_About this exercise_
Find the word "near" below. Copy each line that has it.

** Opening Records to process block **

section \<open>Computing derivatives from limits of derivatives\<close>

text \<open>If H is continuous at a and its derivative K (near a) converges to L, then H'(a) = L.
  Both one-sided difference quotients are handled by l'Hopital's rule.\<close>
lemma DERIV_from_deriv_limit:
  fixes H K :: "real \<Rightarrow> real"
  assumes cont: "isCont H a"
    and deriv: "eventually (\<lambda>x. (H has_real_derivative K x) (at x)) (at a)"
    and lim: "(K \<longlongrightarrow> L) (at a)"
  shows "(H has_real_derivative L) (at a)"
proof -
  have num: "((\<lambda>x. H x - H a) \<longlongrightarrow> 0) (at a)"
    using cont by (simp add: isCont_def LIM_zero)
  have den: "((\<lambda>x. x - a) \<longlongrightarrow> 0) (at a)"
    by (intro tendsto_eq_intros) auto
  have den_nz: "eventually (\<lambda>x. x - a \<noteq> 0) (at a)"
    using eventually_neq_at_within[of a a UNIV] by simp
  have one_nz: "eventually (\<lambda>x. (1::real) \<noteq> 0) (at a)"
    by simp
  have num_deriv: "eventually (\<lambda>x. ((\<lambda>x. H x - H a) has_real_derivative K x) (at x)) (at a)"
    using deriv by eventually_elim (drule DERIV_diff[OF _ DERIV_const], simp)
  have den_deriv: "eventually (\<lambda>x. ((\<lambda>x. x - a) has_real_derivative 1) (at x)) (at a)"
    by (intro always_eventually allI) (rule DERIV_diff[OF DERIV_ident DERIV_const, simplified])
  have quot_lim: "((\<lambda>x. K x / 1) \<longlongrightarrow> L) (at a)"
    using lim by simp
  have "((\<lambda>x. (H x - H a) / (x - a)) \<longlongrightarrow> L) (at_left a) \<and>
      ((\<lambda>x. (H x - H a) / (x - a)) \<longlongrightarrow> L) (at_right a)"
    using num den den_nz one_nz num_deriv den_deriv quot_lim
    unfolding filterlim_at_split eventually_at_split
    by (auto intro: lhopital_left[where f'=K and g'="\<lambda>_. 1"] lhopital_right[where f'=K and g'="\<lambda>_. 1"])
  then have "((\<lambda>x. (H x - H a) / (x - a)) \<longlongrightarrow> L) (at a)"
    by (simp add: filterlim_at_split)
  then show ?thesis by (simp add: has_field_derivative_iff)
qed

lemma higher_deriv_from_limits:
  fixes H :: "real \<Rightarrow> real" and l :: "nat \<Rightarrow> real"
  assumes diff: "\<And>n. eventually (\<lambda>x. (deriv ^^ n) H differentiable (at x)) (at a)"
    and lim: "\<And>n. ((deriv ^^ n) H \<longlongrightarrow> l n) (at a)"
    and val: "H a = l 0"
  shows "(deriv ^^ n) H a = l n \<and> ((deriv ^^ n) H has_real_derivative l (Suc n)) (at a)"
proof -
  have step: "((deriv ^^ n) H has_real_derivative l (Suc n)) (at a)"
    if "(deriv ^^ n) H a = l n" for n
  proof (rule DERIV_from_deriv_limit[where K="(deriv ^^ Suc n) H"])
    show "isCont ((deriv ^^ n) H) a" using lim[of n] that by (simp add: isCont_def)
    show "eventually (\<lambda>x. ((deriv ^^ n) H has_real_derivative (deriv ^^ Suc n) H x) (at x)) (at a)"
      using diff[of n] by eventually_elim (simp add: DERIV_deriv_iff_real_differentiable)
  qed (rule lim)
  show ?thesis
  proof (induction n)
    case 0 then show ?case using step[of 0] val by simp
  next
    case (Suc n)
    then have "(deriv ^^ Suc n) H a = l (Suc n)" by (simp add: DERIV_imp_deriv)
    with step[of "Suc n"] show ?case by blast
  qed
qed

lemma isCont_tendsto_at:
  fixes h :: "real \<Rightarrow> real"
  assumes cont: "isCont h a" and "F \<noteq> bot" "F \<le> at a" and lim: "(h \<longlongrightarrow> v) F"
  shows "(h \<longlongrightarrow> v) (at a)"
proof -
  have "h a = v"
    using tendsto_unique[OF \<open>F \<noteq> bot\<close> tendsto_mono[OF \<open>F \<le> at a\<close> cont[unfolded isCont_def]] lim] .
  then show ?thesis using cont by (simp add: isCont_def)
qed

section \<open>Structure functions of the unit interval\<close>

lemma curves_I_intro:
  "(\<And>n. Ck_on n UNIV c) \<Longrightarrow> (\<And>s. 0 \<le> c s \<and> c s \<le> 1) \<Longrightarrow> c \<in> curves_I"
  unfolding curves_I_def smooth_fun_iff_Ck_on by auto

lemma funs_I_comp_smooth: "g \<in> funs_I \<Longrightarrow> c \<in> curves_I \<Longrightarrow> smooth_fun (\<lambda>s. g (c s))"
  unfolding funs_I_def frol_funs_def by (simp add: o_def)

text \<open>Structure functions of I are smooth on the open interval: g = (g \<circ> sigmoid) \<circ> logit there.\<close>
lemma funs_I_interior:
  assumes g: "g \<in> funs_I" shows "Ck_on n {0<..<1} g"
proof -
  have "sigmoid \<in> curves_I"
    by (rule curves_I_intro[OF Ck_on_sigmoid]) (simp add: sigmoid_bounds less_imp_le)
  then have "Ck_on n UNIV (\<lambda>s. g (sigmoid s))"
    using funs_I_comp_smooth[OF g] by (simp add: smooth_fun_iff_Ck_on)
  then have comp: "Ck_on n {0<..<1} (\<lambda>y. g (sigmoid (logit y)))"
    by (rule Ck_on_comp[OF open_greaterThanLessThan open_UNIV subset_UNIV _ Ck_on_logit])
  show ?thesis
    by (rule Ck_on_cong[OF open_greaterThanLessThan _ comp]) (simp add: sigmoid_logit)
qed

lemma funs_I_tendsto_via_curve:
  assumes g: "g \<in> funs_I" and c: "c \<in> curves_I"
    and r: "(r \<longlongrightarrow> s0) F" and inv: "eventually (\<lambda>t. c (r t) = t) F"
  shows "(g \<longlongrightarrow> g (c s0)) F"
proof -
  have "(deriv ^^ 0) (\<lambda>s. g (c s)) differentiable (at s0)"
    using funs_I_comp_smooth[OF g c] unfolding smooth_fun_def by blast
  then have "isCont (\<lambda>s. g (c s)) s0"
    by (simp add: differentiable_imp_continuous_within)
  from isCont_tendsto_compose[OF this r]
  have "((\<lambda>t. g (c (r t))) \<longlongrightarrow> g (c s0)) F" .
  moreover have "eventually (\<lambda>t. g (c (r t)) = g t) F"
    using inv by eventually_elim simp
  ultimately show ?thesis by (rule Lim_transform_eventually)
qed

text \<open>Structure functions of I are continuous at the endpoints, seen through the curves
  \<open>1 - bump\<close> (near 0) and \<open>bump\<close> (near 1).\<close>
lemma funs_I_tendsto_0:
  assumes g: "g \<in> funs_I" shows "(g \<longlongrightarrow> g 0) (at_right 0)"
proof -
  have "Ck_on n UNIV (\<lambda>s. 1 + (-1) * bump s)" for n
    by (intro Ck_on_add Ck_on_mult Ck_on_const Ck_on_bump open_UNIV)
  then have curve: "(\<lambda>s. 1 + (-1) * bump s) \<in> curves_I"
    using bump_bounds by (intro curves_I_intro) auto
  have "((\<lambda>t. sqrt (t / (1 - t))) \<longlongrightarrow> sqrt (0 / (1 - 0))) (at_right 0)"
    by (intro tendsto_intros) auto
  then have "((\<lambda>t. sqrt (t / (1 - t))) \<longlongrightarrow> 0) (at_right 0)" by simp
  moreover have "eventually (\<lambda>t. 1 + (-1) * bump (sqrt (t / (1 - t))) = t) (at_right (0::real))"
    using eventually_at_right_real[of 0 1, simplified]
  proof eventually_elim
    case (elim t)
    then have "sqrt (t / (1 - t)) * sqrt (t / (1 - t)) = t / (1 - t)" by simp
    with elim show ?case by (simp add: bump_def field_simps)
  qed
  ultimately have "(g \<longlongrightarrow> g (1 + (-1) * bump 0)) (at_right 0)"
    by (rule funs_I_tendsto_via_curve[OF g curve])
  then show ?thesis by (simp add: bump_def)
qed

lemma funs_I_tendsto_1:
  assumes g: "g \<in> funs_I" shows "(g \<longlongrightarrow> g 1) (at_left 1)"
proof -
  have curve: "bump \<in> curves_I"
    using bump_bounds by (intro curves_I_intro Ck_on_bump) auto
  have "((\<lambda>t. sqrt ((1 - t) / t)) \<longlongrightarrow> sqrt ((1 - 1) / 1)) (at_left 1)"
    by (intro tendsto_intros) auto
  then have "((\<lambda>t. sqrt ((1 - t) / t)) \<longlongrightarrow> 0) (at_left 1)" by simp
  moreover have "eventually (\<lambda>t. bump (sqrt ((1 - t) / t)) = t) (at_left (1::real))"
    using eventually_at_left_real[of 0 1, simplified]
  proof eventually_elim
    case (elim t)
    then have "sqrt ((1 - t) / t) * sqrt ((1 - t) / t) = (1 - t) / t" by simp
    with elim show ?case by (simp add: bump_def field_simps)
  qed
  ultimately have "(g \<longlongrightarrow> g (bump 0)) (at_left 1)"
    by (rule funs_I_tendsto_via_curve[OF g curve])
  then show ?thesis by (simp add: bump_def)
qed

section \<open>The clipping curve\<close>

definition clip :: "real \<Rightarrow> real" where "clip s = max 0 (min 1 s)"

lemma clip_below: "s \<le> 0 \<Longrightarrow> clip s = 0" and clip_above: "1 \<le> s \<Longrightarrow> clip s = 1"
  by (simp_all add: clip_def)

lemma clip_locally:
  fixes g :: "real \<Rightarrow> real"
  shows "s \<in> {0<..<1} \<Longrightarrow> eventually (\<lambda>x. g (clip x) = g x) (nhds s)"
    and "s < 0 \<Longrightarrow> eventually (\<lambda>x. g (clip x) = g 0) (nhds s)"
    and "s > 1 \<Longrightarrow> eventually (\<lambda>x. g (clip x) = g 1) (nhds s)"
  using eventually_nhds_in_open[OF open_greaterThanLessThan[of 0 1], of s]
    eventually_nhds_in_open[OF open_lessThan[of 0], of s]
    eventually_nhds_in_open[OF open_greaterThan[of 1], of s]
  by (auto elim!: eventually_mono simp: clip_def)

lemma higher_deriv_clip:
  fixes g :: "real \<Rightarrow> real"
  shows "s \<in> {0<..<1} \<Longrightarrow> (deriv ^^ n) (\<lambda>x. g (clip x)) s = (deriv ^^ n) g s"
    and "s < 0 \<Longrightarrow> (deriv ^^ n) (\<lambda>x. g (clip x)) s = (if n = 0 then g 0 else 0)"
    and "s > 1 \<Longrightarrow> (deriv ^^ n) (\<lambda>x. g (clip x)) s = (if n = 0 then g 1 else 0)"
  using higher_deriv_cong_ev[OF clip_locally(1) refl] higher_deriv_cong_ev[OF clip_locally(2) refl]
    higher_deriv_cong_ev[OF clip_locally(3) refl] by simp_all

lemma higher_deriv_const_differentiable: "(deriv ^^ n) (\<lambda>x::real. c) differentiable (at x)"
  by (cases "n = 0") simp_all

** Closing Records to process block **

_Answer to this exercise_
text \<open>If H is continuous at a and its derivative K (near a) converges to L, then H'(a) = L.
  \<open>1 - bump\<close> (near 0) and \<open>bump\<close> (near 1).\<close>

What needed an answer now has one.